**What is expected**
Each record must be repeated exactly as it stands.

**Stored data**

lemma code_vectors_factor_at_shared_qudit:
  assumes a: "0 < a" and sub: "is_subspace a n C"
    and I: "I \<inter> I' = {i}" "I \<subseteq> {..<n}" "I' \<subseteq> {..<n}"
    and rec: "recovers_qudit a n C i I (kraus_apply a (I - {i}) Ks)"
    and rec': "recovers_qudit a n C i I' (kraus_apply a (I' - {i}) Ls)"
  shows "\<exists>\<phi> z0 w0. z0 < a \<and> w0 < a \<and> \<phi> w0 \<noteq> 0 \<and>
           (\<forall>v\<in>C. \<forall>x\<in>cfgs a {..<n}. v x = \<phi> (x i) * v (x(i := z0)))"
proof (cases "\<exists>v\<in>C. \<exists>x\<in>cfgs a {..<n}. v x \<noteq> 0")
  case False
  \<comment> \<open>the zero code; covering it makes the hypothesis 0 < k of the main theorem unnecessary\<close>
  have "i \<in> {..<n}" using I by blast
  then have "\<forall>v\<in>C. \<forall>x\<in>cfgs a {..<n}. v x = 1 * v (x(i := 0))"
    using False fun_upd_in_cfgs[OF _ _ a] by fastforce
  then show ?thesis using a by (intro exI[of _ "\<lambda>_. 1"] exI[of _ 0]) auto
next
  case True
  then obtain v0 x0 where v0: "v0 \<in> C" "x0 \<in> cfgs a {..<n}" "v0 x0 \<noteq> 0" by blast
  have i: "i \<in> I" "i \<in> I'" using I(1) by auto
  obtain c where c: "\<forall>j<length Ks. \<forall>w<a. \<forall>v\<in>C. \<forall>x\<in>cfgs a {..<n}.
        kraus_branch a (I - {i}) I i (Ks ! j) w v x = c (j, w) * v x"
      and c_unit: "(\<Sum>k\<in>{..<length Ks} \<times> {..<a}. (cmod (c k))\<^sup>2) = 1"
    using kraus_branch_scalar_on_code[OF sub i(1) I(2) rec v0] by blast
  obtain d where d: "\<forall>j<length Ls. \<forall>w<a. \<forall>v\<in>C. \<forall>x\<in>cfgs a {..<n}.
        kraus_branch a (I' - {i}) I' i (Ls ! j) w v x = d (j, w) * v x"
      and d_unit: "(\<Sum>k\<in>{..<length Ls} \<times> {..<a}. (cmod (d k))\<^sup>2) = 1"
    using kraus_branch_scalar_on_code[OF sub i(2) I(3) rec' v0] by blast
  obtain j1 z0 where j1: "j1 < length Ks" "z0 < a" "c (j1, z0) \<noteq> 0"
    using c_unit by (metis (no_types, lifting) SigmaE lessThan_iff norm_zero power_zero_numeral sum.neutral zero_neq_one)
  obtain j2 z1 where j2: "j2 < length Ls" "z1 < a" "d (j2, z1) \<noteq> 0"
    using d_unit by (metis (no_types, lifting) SigmaE lessThan_iff norm_zero power_zero_numeral sum.neutral zero_neq_one)
  \<comment> \<open>solve kraus_branches_commute with w' = z0 and z = z1 for v (x(i := w))\<close>
  define \<phi> where "\<phi> w = c (j1, z1) * d (j2, w) / (d (j2, z1) * c (j1, z0))" for w
  have factor: "v x = \<phi> (x i) * v (x(i := z0))" if v: "v \<in> C" and x: "x \<in> cfgs a {..<n}" for v x
  proof -
    have "x i < a" using x i I(2) unfolding cfgs_def by auto
    moreover have "\<forall>w<a. \<forall>y\<in>cfgs a {..<n}. kraus_branch a (I - {i}) I i (Ks ! j1) w v y = c (j1, w) * v y"
      using c j1(1) v by blast
    moreover have "\<forall>w<a. \<forall>y\<in>cfgs a {..<n}. kraus_branch a (I' - {i}) I' i (Ls ! j2) w v y = d (j2, w) * v y"
      using d j2(1) v by blast
    ultimately have "d (j2, z1) * c (j1, z0) * v (x(i := x i)) = c (j1, z1) * d (j2, x i) * v (x(i := z0))"
      by (rule kraus_branches_commute[OF I x _ j1(2) j2(2)])
    then show ?thesis using j1(3) j2(3) unfolding \<phi>_def by (simp add: field_simps)
  qed
  have "x0 i < a" using v0(2) i I(2) unfolding cfgs_def by auto
  moreover have "\<phi> (x0 i) \<noteq> 0" using factor[OF v0(1,2)] v0(3) by auto
  ultimately show ?thesis using factor j1(2) by blast
qed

**Task output**
lemma code_vectors_factor_at_shared_qudit:
  assumes a: "0 < a" and sub: "is_subspace a n C"
    and I: "I \<inter> I' = {i}" "I \<subseteq> {..<n}" "I' \<subseteq> {..<n}"
    and rec: "recovers_qudit a n C i I (kraus_apply a (I - {i}) Ks)"
    and rec': "recovers_qudit a n C i I' (kraus_apply a (I' - {i}) Ls)"
  shows "\<exists>\<phi> z0 w0. z0 < a \<and> w0 < a \<and> \<phi> w0 \<noteq> 0 \<and>
           (\<forall>v\<in>C. \<forall>x\<in>cfgs a {..<n}. v x = \<phi> (x i) * v (x(i := z0)))"
proof (cases "\<exists>v\<in>C. \<exists>x\<in>cfgs a {..<n}. v x \<noteq> 0")
  case False
  \<comment> \<open>the zero code; covering it makes the hypothesis 0 < k of the main theorem unnecessary\<close>
  have "i \<in> {..<n}" using I by blast
  then have "\<forall>v\<in>C. \<forall>x\<in>cfgs a {..<n}. v x = 1 * v (x(i := 0))"
    using False fun_upd_in_cfgs[OF _ _ a] by fastforce
  then show ?thesis using a by (intro exI[of _ "\<lambda>_. 1"] exI[of _ 0]) auto
next
  case True
  then obtain v0 x0 where v0: "v0 \<in> C" "x0 \<in> cfgs a {..<n}" "v0 x0 \<noteq> 0" by blast
  have i: "i \<in> I" "i \<in> I'" using I(1) by auto
  obtain c where c: "\<forall>j<length Ks. \<forall>w<a. \<forall>v\<in>C. \<forall>x\<in>cfgs a {..<n}.
        kraus_branch a (I - {i}) I i (Ks ! j) w v x = c (j, w) * v x"
      and c_unit: "(\<Sum>k\<in>{..<length Ks} \<times> {..<a}. (cmod (c k))\<^sup>2) = 1"
    using kraus_branch_scalar_on_code[OF sub i(1) I(2) rec v0] by blast
  obtain d where d: "\<forall>j<length Ls. \<forall>w<a. \<forall>v\<in>C. \<forall>x\<in>cfgs a {..<n}.
        kraus_branch a (I' - {i}) I' i (Ls ! j) w v x = d (j, w) * v x"
      and d_unit: "(\<Sum>k\<in>{..<length Ls} \<times> {..<a}. (cmod (d k))\<^sup>2) = 1"
    using kraus_branch_scalar_on_code[OF sub i(2) I(3) rec' v0] by blast
  obtain j1 z0 where j1: "j1 < length Ks" "z0 < a" "c (j1, z0) \<noteq> 0"
    using c_unit by (metis (no_types, lifting) SigmaE lessThan_iff norm_zero power_zero_numeral sum.neutral zero_neq_one)
  obtain j2 z1 where j2: "j2 < length Ls" "z1 < a" "d (j2, z1) \<noteq> 0"
    using d_unit by (metis (no_types, lifting) SigmaE lessThan_iff norm_zero power_zero_numeral sum.neutral zero_neq_one)
  \<comment> \<open>solve kraus_branches_commute with w' = z0 and z = z1 for v (x(i := w))\<close>
  define \<phi> where "\<phi> w = c (j1, z1) * d (j2, w) / (d (j2, z1) * c (j1, z0))" for w
  have factor: "v x = \<phi> (x i) * v (x(i := z0))" if v: "v \<in> C" and x: "x \<in> cfgs a {..<n}" for v x
  proof -
    have "x i < a" using x i I(2) unfolding cfgs_def by auto
    moreover have "\<forall>w<a. \<forall>y\<in>cfgs a {..<n}. kraus_branch a (I - {i}) I i (Ks ! j1) w v y = c (j1, w) * v y"
      using c j1(1) v by blast
    moreover have "\<forall>w<a. \<forall>y\<in>cfgs a {..<n}. kraus_branch a (I' - {i}) I' i (Ls ! j2) w v y = d (j2, w) * v y"
      using d j2(1) v by blast
    ultimately have "d (j2, z1) * c (j1, z0) * v (x(i := x i)) = c (j1, z1) * d (j2, x i) * v (x(i := z0))"
      by (rule kraus_branches_commute[OF I x _ j1(2) j2(2)])
    then show ?thesis using j1(3) j2(3) unfolding \<phi>_def by (simp add: field_simps)
  qed
  have "x0 i < a" using v0(2) i I(2) unfolding cfgs_def by auto
  moreover have "\<phi> (x0 i) \<noteq> 0" using factor[OF v0(1,2)] v0(3) by auto
  ultimately show ?thesis using factor j1(2) by blast
qed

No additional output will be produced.